┌──

theorem theorem3:
  fixes s :: nat and A0 A1 :: "nat set" and hs h2 f :: "real \<Rightarrow> real"
  assumes "s > 2"
    and "A0 \<inter> A1 = {}" and "A0 \<union> A1 = {0..<s}"
    and "A0 \<noteq> {0..<s}" and "A1 \<noteq> {0..<s}"
    and "unit_homeo hs" and "unit_homeo h2"
    and f_def: "\<And>\<alpha>. (\<forall>n. \<alpha> n \<in> {0..<s}) \<Longrightarrow>
        f (hs (digit_value s \<alpha>)) = h2 (digit_value 2 (beta_seq A1 \<alpha>))"
  shows "\<not> (\<exists>a b. 0 \<le> a \<and> a < b \<and> b \<le> 1 \<and>
             (mono_on {a<..<b} f \<or> antimono_on {a<..<b} f))"
proof
  assume "\<exists>a b. 0 \<le> a \<and> a < b \<and> b \<le> 1 \<and> (mono_on {a<..<b} f \<or> antimono_on {a<..<b} f)"
  then obtain p q where pq: "0 \<le> p" "p < q" "q \<le> 1"
    and monotone: "mono_on {p<..<q} (f \<circ> hs) \<or> antimono_on {p<..<q} (f \<circ> hs)"
    using unit_homeo_pullback_monotone[OF \<open>unit_homeo hs\<close>] by metis
  have "s > 1"
    using \<open>s > 2\<close> by simp
  obtain n pre where n: "n \<ge> 1" "\<And>i. i < n \<Longrightarrow> pre i < s"
    and cylinder: "\<And>d. (\<And>i. d i < s) \<Longrightarrow> (\<And>i. i < n \<Longrightarrow> d i = pre i) \<Longrightarrow>
                     p < digit_value s d \<and> digit_value s d < q"
    using cylinder_in_interval[OF \<open>s > 1\<close> pq] by metis
  obtain \<alpha>1 \<alpha>2 \<alpha>3 where codes: "\<And>\<alpha>. \<alpha> \<in> {\<alpha>1, \<alpha>2, \<alpha>3} \<Longrightarrow> (\<forall>i. \<alpha> i < s) \<and> (\<forall>i<n. \<alpha> i = pre i)"
    and ordered: "digit_value s \<alpha>1 < digit_value s \<alpha>2" "digit_value s \<alpha>2 < digit_value s \<alpha>3"
    and same_beta: "beta_seq A1 \<alpha>1 = beta_seq A1 \<alpha>3"
    and other_beta: "digit_value 2 (beta_seq A1 \<alpha>1) \<noteq> digit_value 2 (beta_seq A1 \<alpha>2)"
    using oscillating_codes[of s n pre A1] \<open>s > 2\<close> n by blast
  have in_pq: "digit_value s \<alpha> \<in> {p<..<q}"
    and f_code: "f (hs (digit_value s \<alpha>)) = h2 (digit_value 2 (beta_seq A1 \<alpha>))"
    if "\<alpha> \<in> {\<alpha>1, \<alpha>2, \<alpha>3}" for \<alpha>
    using codes[OF that] cylinder[of \<alpha>] f_def[of \<alpha>] by auto
  have "f (hs (digit_value s \<alpha>2)) \<noteq> f (hs (digit_value s \<alpha>1))"
    using unit_homeo_inj[OF \<open>unit_homeo h2\<close>] digit_value_beta_seq_in_unit other_beta f_code
    by (auto dest: inj_onD)
  moreover have "f (hs (digit_value s \<alpha>2)) = f (hs (digit_value s \<alpha>1))"
    using monotone_on_between_eq[OF monotone in_pq[of \<alpha>1] in_pq[of \<alpha>2] in_pq[of \<alpha>3]]
      ordered f_code same_beta
    by simp
  ultimately show False
    by contradiction
qed
text \<open>With a block decomposition of the identity, every X orthogonal to all diagonal
  corners is a sum of off-diagonal blocks W_i X W_j, and these are killed by T.\<close>

lemma remainder_vanishes_if_off_diagonal_vanish:
  fixes T :: "'n::finite cmat \<Rightarrow> 'n cmat"
  assumes lin: "\<And>X Y. T (X + Y) = T X + T Y" and T0: "T 0 = 0"
    and off: "\<And>W Z. orth_proj W \<Longrightarrow> invariant_corner T W \<Longrightarrow> T (W ** Z ** perp W) = 0"
    and Ws: "orthogonal_projs Ws" "sum_list Ws = mat 1" "\<forall>W\<in>set Ws. invariant_corner T W"
    and X: "\<forall>i<length Ws. \<forall>Y\<in>corner (Ws ! i) (Ws ! i). tinner X Y = 0"
  shows "T X = 0"
proof -
  let ?n = "length Ws"
  have T_sum: "T (\<Sum>i\<in>I. A i) = (\<Sum>i\<in>I. T (A i))" if "finite I" for I and A :: "_ \<Rightarrow> 'n cmat"
    using that by (induct I rule: finite_induct) (simp_all add: lin T0)
  have proj: "orth_proj (Ws ! i)" if "i < ?n" for i
    using Ws(1) that by (simp add: orthogonal_projs_def)
  have "X = sum_list Ws ** X ** sum_list Ws"
    using Ws(2) by simp
  also have "\<dots> = (\<Sum>i<?n. \<Sum>j<?n. Ws ! i ** X ** Ws ! j)"
    by (simp add: sum_list_sum_nth atLeast0LessThan matrix_sum_rdistrib matrix_sum_ldistrib)
      (rule sum.swap)
  finally have X_blocks: "X = (\<Sum>i<?n. \<Sum>j<?n. Ws ! i ** X ** Ws ! j)" .
  have "T (Ws ! i ** X ** Ws ! j) = 0" if i: "i < ?n" and j: "j < ?n" for i j
  proof (cases "i = j")
    case True
    have "tinner X (Ws ! i ** X ** Ws ! i) = 0"
      using X i by (auto simp: corner_def)
    then have "Ws ! i ** X ** Ws ! i = 0"
      by (rule compression_eq_0_if_tinner[OF proj[OF i]])
    then show ?thesis
      using True T0 by simp
  next
    case False
    have "Ws ! j ** Ws ! i = 0"
      using Ws(1) i j False by (simp add: orthogonal_projs_def)
    then have "Ws ! j ** perp (Ws ! i) = Ws ! j"
      by (simp add: perp_def matrix_diff_ldistrib)
    then have "Ws ! i ** X ** Ws ! j = Ws ! i ** (X ** Ws ! j) ** perp (Ws ! i)"
      by (metis matrix_mul_assoc)
    then show ?thesis
      using off proj[OF i] Ws(3) i by (metis nth_mem)
  qed
  then show ?thesis
    by (subst X_blocks) (simp add: T_sum)
qed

└──

PROBLEM TO WORK ON
Go through the listing and copy each line exactly.

RESULT
theorem theorem3:
  fixes s :: nat and A0 A1 :: "nat set" and hs h2 f :: "real \<Rightarrow> real"
  assumes "s > 2"
    and "A0 \<inter> A1 = {}" and "A0 \<union> A1 = {0..<s}"
    and "A0 \<noteq> {0..<s}" and "A1 \<noteq> {0..<s}"
    and "unit_homeo hs" and "unit_homeo h2"
    and f_def: "\<And>\<alpha>. (\<forall>n. \<alpha> n \<in> {0..<s}) \<Longrightarrow>
        f (hs (digit_value s \<alpha>)) = h2 (digit_value 2 (beta_seq A1 \<alpha>))"
  shows "\<not> (\<exists>a b. 0 \<le> a \<and> a < b \<and> b \<le> 1 \<and>
             (mono_on {a<..<b} f \<or> antimono_on {a<..<b} f))"
proof
  assume "\<exists>a b. 0 \<le> a \<and> a < b \<and> b \<le> 1 \<and> (mono_on {a<..<b} f \<or> antimono_on {a<..<b} f)"
  then obtain p q where pq: "0 \<le> p" "p < q" "q \<le> 1"
    and monotone: "mono_on {p<..<q} (f \<circ> hs) \<or> antimono_on {p<..<q} (f \<circ> hs)"
    using unit_homeo_pullback_monotone[OF \<open>unit_homeo hs\<close>] by metis
  have "s > 1"
    using \<open>s > 2\<close> by simp
  obtain n pre where n: "n \<ge> 1" "\<And>i. i < n \<Longrightarrow> pre i < s"
    and cylinder: "\<And>d. (\<And>i. d i < s) \<Longrightarrow> (\<And>i. i < n \<Longrightarrow> d i = pre i) \<Longrightarrow>
                     p < digit_value s d \<and> digit_value s d < q"
    using cylinder_in_interval[OF \<open>s > 1\<close> pq] by metis
  obtain \<alpha>1 \<alpha>2 \<alpha>3 where codes: "\<And>\<alpha>. \<alpha> \<in> {\<alpha>1, \<alpha>2, \<alpha>3} \<Longrightarrow> (\<forall>i. \<alpha> i < s) \<and> (\<forall>i<n. \<alpha> i = pre i)"
    and ordered: "digit_value s \<alpha>1 < digit_value s \<alpha>2" "digit_value s \<alpha>2 < digit_value s \<alpha>3"
    and same_beta: "beta_seq A1 \<alpha>1 = beta_seq A1 \<alpha>3"
    and other_beta: "digit_value 2 (beta_seq A1 \<alpha>1) \<noteq> digit_value 2 (beta_seq A1 \<alpha>2)"
    using oscillating_codes[of s n pre A1] \<open>s > 2\<close> n by blast
  have in_pq: "digit_value s \<alpha> \<in> {p<..<q}"
    and f_code: "f (hs (digit_value s \<alpha>)) = h2 (digit_value 2 (beta_seq A1 \<alpha>))"
    if "\<alpha> \<in> {\<alpha>1, \<alpha>2, \<alpha>3}" for \<alpha>
    using codes[OF that] cylinder[of \<alpha>] f_def[of \<alpha>] by auto
  have "f (hs (digit_value s \<alpha>2)) \<noteq> f (hs (digit_value s \<alpha>1))"
    using unit_homeo_inj[OF \<open>unit_homeo h2\<close>] digit_value_beta_seq_in_unit other_beta f_code
    by (auto dest: inj_onD)
  moreover have "f (hs (digit_value s \<alpha>2)) = f (hs (digit_value s \<alpha>1))"
    using monotone_on_between_eq[OF monotone in_pq[of \<alpha>1] in_pq[of \<alpha>2] in_pq[of \<alpha>3]]
      ordered f_code same_beta
    by simp
  ultimately show False
    by contradiction
qed
text \<open>With a block decomposition of the identity, every X orthogonal to all diagonal
  corners is a sum of off-diagonal blocks W_i X W_j, and these are killed by T.\<close>

lemma remainder_vanishes_if_off_diagonal_vanish:
  fixes T :: "'n::finite cmat \<Rightarrow> 'n cmat"
  assumes lin: "\<And>X Y. T (X + Y) = T X + T Y" and T0: "T 0 = 0"
    and off: "\<And>W Z. orth_proj W \<Longrightarrow> invariant_corner T W \<Longrightarrow> T (W ** Z ** perp W) = 0"
    and Ws: "orthogonal_projs Ws" "sum_list Ws = mat 1" "\<forall>W\<in>set Ws. invariant_corner T W"
    and X: "\<forall>i<length Ws. \<forall>Y\<in>corner (Ws ! i) (Ws ! i). tinner X Y = 0"
  shows "T X = 0"
proof -
  let ?n = "length Ws"
  have T_sum: "T (\<Sum>i\<in>I. A i) = (\<Sum>i\<in>I. T (A i))" if "finite I" for I and A :: "_ \<Rightarrow> 'n cmat"
    using that by (induct I rule: finite_induct) (simp_all add: lin T0)
  have proj: "orth_proj (Ws ! i)" if "i < ?n" for i
    using Ws(1) that by (simp add: orthogonal_projs_def)
  have "X = sum_list Ws ** X ** sum_list Ws"
    using Ws(2) by simp
  also have "\<dots> = (\<Sum>i<?n. \<Sum>j<?n. Ws ! i ** X ** Ws ! j)"
    by (simp add: sum_list_sum_nth atLeast0LessThan matrix_sum_rdistrib matrix_sum_ldistrib)
      (rule sum.swap)
  finally have X_blocks: "X = (\<Sum>i<?n. \<Sum>j<?n. Ws ! i ** X ** Ws ! j)" .
  have "T (Ws ! i ** X ** Ws ! j) = 0" if i: "i < ?n" and j: "j < ?n" for i j
  proof (cases "i = j")
    case True
    have "tinner X (Ws ! i ** X ** Ws ! i) = 0"
      using X i by (auto simp: corner_def)
    then have "Ws ! i ** X ** Ws ! i = 0"
      by (rule compression_eq_0_if_tinner[OF proj[OF i]])
    then show ?thesis
      using True T0 by simp
  next
    case False
    have "Ws ! j ** Ws ! i = 0"
      using Ws(1) i j False by (simp add: orthogonal_projs_def)
    then have "Ws ! j ** perp (Ws ! i) = Ws ! j"
      by (simp add: perp_def matrix_diff_ldistrib)
    then have "Ws ! i ** X ** Ws ! j = Ws ! i ** (X ** Ws ! j) ** perp (Ws ! i)"
      by (metis matrix_mul_assoc)
    then show ?thesis
      using off proj[OF i] Ws(3) i by (metis nth_mem)
  qed
  then show ?thesis
    by (subst X_blocks) (simp add: T_sum)
qed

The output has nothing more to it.